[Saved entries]
lemma orth_at_base_on_coincidence:
  assumes w: "w \<in> orth_compl X d z U" and h: "h \<in> X" and gh: "g * d w h = 0"
  shows "coincidence d us h * (g * d z w) = 0"
proof -
  have wX: "w \<in> X" using w orth_compl_sub by blast
  obtain n a p where p: "\<forall>i<n. p i \<in> set us"
    and L: "local_comb d h (coincidence d us h) n a p"
    using coincidence_local_comb by blast
  have S: "(\<Sum>i<n. a i) = coincidence d us h" and Z: "\<forall>i<n. a i * d h (p i) = 0"
    using L unfolding local_comb_def by auto
  have "a i * (g * d z w) = 0" if i: "i < n" for i
  proof -
    have pX: "p i \<in> X" and pU: "p i \<in> U" using p i gens_sub U_sub by auto
    have "d w (p i) = bjoin (d z w) (d z (p i))"
      using w pU unfolding orth_compl_def orth_def by blast
    then have zw: "d z w * d w (p i) = d z w" unfolding bjoin_def by (simp add: bool_simps)
    have "g * d w (p i) = g * d h (p i)" using dist_local_subst[OF wX h pX gh] .
    then have "a i * (g * d w (p i)) = 0" using Z i by (metis mult.left_commute mult_zero_right)
    moreover have "a i * (g * d z w) = (a i * (g * d w (p i))) * d z w"
      using zw by (metis mult.assoc mult.commute)
    ultimately show ?thesis by simp
  qed
  then show ?thesis unfolding S[symmetric] sum_distrib_right by simp
qed

lemma orth_agrees_with_glued:
  assumes w: "w \<in> orth_compl X d z U" and h: "h \<in> X" and v: "v \<in> X"
    and on_c: "coincidence d us h * d v z = 0" and off_c: "(1 + coincidence d us h) * d v h = 0"
    and gh: "g * d w h = 0"
  shows "g * d w v = 0"
proof -
  define C where "C = coincidence d us h"
  have wX: "w \<in> X" using w orth_compl_sub by blast
  have off: "(1 + C) * (g * d w v) = 0"
  proof -
    have "g * d w v = g * d h v" using dist_local_subst[OF wX h v gh] .
    then have "(1 + C) * (g * d w v) = g * ((1 + C) * d v h)"
      using dist_sym[OF h v] by (simp add: ac_simps)
    then show ?thesis using off_c C_def by simp
  qed
  have on: "C * (g * d w v) = 0"
  proof -
    have "C * d v w = C * d z w" using dist_local_subst[OF v base wX] on_c C_def by blast
    then have "C * (g * d w v) = C * (g * d z w)"
      unfolding dist_sym[OF wX v] by (metis mult.left_commute)
    then show ?thesis using orth_at_base_on_coincidence[OF w h gh] C_def by simp
  qed
  have "g * d w v = C * (g * d w v) + (1 + C) * (g * d w v)" by (simp add: bool_simps)
  then show ?thesis using off on by simp
qed

lemma orth_compl_convex:
  assumes pu: "partition_unity n a" and pO: "\<forall>i<n. p i \<in> orth_compl X d z U"
    and x: "x \<in> X" and cx: "convex_comb d x n a p"
  shows "x \<in> orth_compl X d z U"
proof -
  have "orth d z x y" if y: "y \<in> U" for y
    unfolding orth_def
  proof (rule partition_local_eq[OF pu], intro allI impI)
    fix i assume i: "i < n"
    have yX: "y \<in> X" using U_sub y by blast
    have pX: "p i \<in> X" and o: "orth d z (p i) y"
      using pO i orth_compl_sub y unfolding orth_compl_def by auto
    have ax: "a i * d x (p i) = 0" using cx i unfolding convex_comb_def by blast
    have "a i * d x y = a i * d (p i) y" using dist_local_subst[OF x pX yX ax] .
    also have "\<dots> = a i * bjoin (d z (p i)) (d z y)" using o unfolding orth_def by simp
    also have "\<dots> = a i * bjoin (d z x) (d z y)"
    proof (rule bjoin_local)
      have "a i * d x z = a i * d (p i) z" using dist_local_subst[OF x pX base ax] .
      then show "a i * d z (p i) = a i * d z x" using dist_sym x pX base by simp
    qed
    finally show "a i * d x y = a i * bjoin (d z x) (d z y)" .
  qed
  then show ?thesis using x unfolding orth_compl_def by blast
qed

Task requirements:
Where in the records above does the word "metis" appear? Copy each line that holds it.

Response below:
    then have "a i * (g * d w (p i)) = 0" using Z i by (metis mult.left_commute mult_zero_right)
      using zw by (metis mult.assoc mult.commute)
      unfolding dist_sym[OF wX v] by (metis mult.left_commute)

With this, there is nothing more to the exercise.